Step 901 : The 3D-application 811 generates and saves the new geometry definition, e.g. on the local hard disk, and sends a request to the server application 810 including the filename of the new geometry definition as well as information about the corresponding LOD and the designlD. Step 902: The server application 810 sends a query to the database 102 asking for a new unique ID for the file. The server application receives the file ID as a response.

Step 903: The server application 810 stores the generated file on the file- storage 103 using the recived unique file ID. For example, the file may be stored into a new folder named like the unique ID of the file.

All geometry files may be stored in a suitable file format compatible with the 3D graphics applications that are to use the files, for example in a "mayaBinary" file when the Autodesk Maya program is used.
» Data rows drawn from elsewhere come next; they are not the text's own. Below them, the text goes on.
text \<open>Applying an operator with position kernel K(q,x) = <q|O|x> to the ideal GKP state
  sqrt(alpha_d d) sum_s |alpha_d (d s + j)>.\<close>
definition apply_to_ideal :: "(real \<Rightarrow> real \<Rightarrow> complex) \<Rightarrow> nat \<Rightarrow> nat \<Rightarrow> wavefun" where
  "apply_to_ideal K d j =
     (\<lambda>q. complex_of_real (sqrt (alpha_d d * real d)) * infsum (\<lambda>s::int. K q (gkp_pt d j s)) UNIV)"

text \<open>Position kernel of the smeared displacement  integral f(r_p,r_q) V((r_p,r_q)) dr_p dr_q,
  with V(r) = e^{-i r_p r_q/2} Z(r_p) X(r_q):  <q|V(r)|x> = e^{-i r_p r_q/2} e^{i r_p q} delta(q - x - r_q);
  the r_q integral against the delta function is carried out (r_q = q - x).\<close>
definition smeared_disp_kernel :: "(real \<Rightarrow> real \<Rightarrow> complex) \<Rightarrow> real \<Rightarrow> real \<Rightarrow> complex" where
  "smeared_disp_kernel f q x =
     (LINT rp|lborel. f rp (q - x) * cis (- rp * (q - x) / 2) * cis (rp * q))"

text \<open>Hermite polynomials and Hermite functions <q|n> (eigenfunctions of n = a^dagger a).\<close>
fun hermite :: "nat \<Rightarrow> real \<Rightarrow> real" where
  "hermite 0 x = 1"
| "hermite (Suc 0) x = 2 * x"
| "hermite (Suc (Suc n)) x = 2 * x * hermite (Suc n) x - 2 * real (Suc n) * hermite n x"

definition hermite_fun :: "nat \<Rightarrow> real \<Rightarrow> real" where
  "hermite_fun n x = hermite n x * exp (- x\<^sup>2 / 2) / sqrt (2 ^ n * fact n * sqrt pi)"

text \<open>Position kernel of exp(-beta (n + 1/2)) via its spectral decomposition.\<close>
definition number_exp_kernel :: "real \<Rightarrow> real \<Rightarrow> real \<Rightarrow> complex" where
  "number_exp_kernel \<beta> q x =
     complex_of_real (\<Sum>n. exp (- \<beta> * (real n + 1/2)) * hermite_fun n q * hermite_fun n x)"

definition gkp1 :: "nat \<Rightarrow> nat \<Rightarrow> real \<Rightarrow> real \<Rightarrow> wavefun" where
  "gkp1 d j \<kappa> \<Delta> = normalize_wf (\<lambda>q. infsum (\<lambda>s::int.
      complex_of_real (exp (- (\<kappa>\<^sup>2 * (gkp_pt d j s)\<^sup>2) / 2))
      * shiftX (gkp_pt d j s) (squeeze (- ln \<Delta>) vac) q) UNIV)"

definition gkp2 :: "nat \<Rightarrow> nat \<Rightarrow> real \<Rightarrow> real \<Rightarrow> wavefun" where
  "gkp2 d j \<gamma> \<delta> = normalize_wf (apply_to_ideal (smeared_disp_kernel
      (\<lambda>r1 r2. complex_of_real (exp (- r1\<^sup>2 / (2 * \<gamma>\<^sup>2) - r2\<^sup>2 / (2 * \<delta>\<^sup>2)) / (2 * pi * \<gamma> * \<delta>)))) d j)"

definition gkp3 :: "nat \<Rightarrow> nat \<Rightarrow> real \<Rightarrow> wavefun" where
  "gkp3 d j \<beta> = normalize_wf (apply_to_ideal (number_exp_kernel \<beta>) d j)"

definition lam :: "real \<Rightarrow> real \<Rightarrow> real" where
  "lam \<gamma> \<delta> = 1 + \<gamma>\<^sup>2 * \<delta>\<^sup>2 / 4"

end

(*
  All three states are, up to positive factors that normalisation removes, the same
  Gaussian comb  q \<mapsto> \<Sum>_s K(q, x_s)  over the GKP points  x_s = \<alpha>_d (d s + j),  where
  K(q, x) = exp (-(coth \<beta>) (q\<^sup>2 + x\<^sup>2)/2 + q x / sinh \<beta>)  is the Mehler kernel.

  For |j^(3)> this is Mehler's formula for the position kernel of exp (-\<beta> (n + 1/2)).
  It is derived from the representation  H_n(y) = E (2y + i \<surd>2 U)^n  of the Hermite
  polynomials (U standard normal, proved via Stein's identity): the Hermite generating function
  and then Mehler's sum are obtained by exchanging sum and expectation (dominated convergence)
  and evaluating a complex Gaussian integral.
  For |j^(2)> the smeared displacement has a Gaussian kernel by a Gaussian Fourier integral,
  and for |j^(1)> squeezing by  cosh \<beta> = sqrt (1 + \<kappa>\<^sup>2 \<Delta>\<^sup>2)  turns its comb of
  displaced squeezed vacua into the same kernel.  The parameter relations of the theorem are
  exactly what makes the three quadratic forms coincide.
*)
theory Submission
  imports Defs "HOL-Probability.Characteristic_Functions"
begin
In summary, described herein is a memory-efficient computer-implemented method and system for constructing even very big products out of large numbers of individual components/elements, while still providing all information (also visually) required during different stages of a development process.

The method and system described herein provide an easy update of elements in models when the element itself has changed. Every model can thus be kept updated by updating the elements. With this system it is even possible to have different elements of different LODs in the same model. This may be advantageous during rendering in order to save memory and rendering time. Elements close to the camera may thus use a more detailed LOD than the ones far away.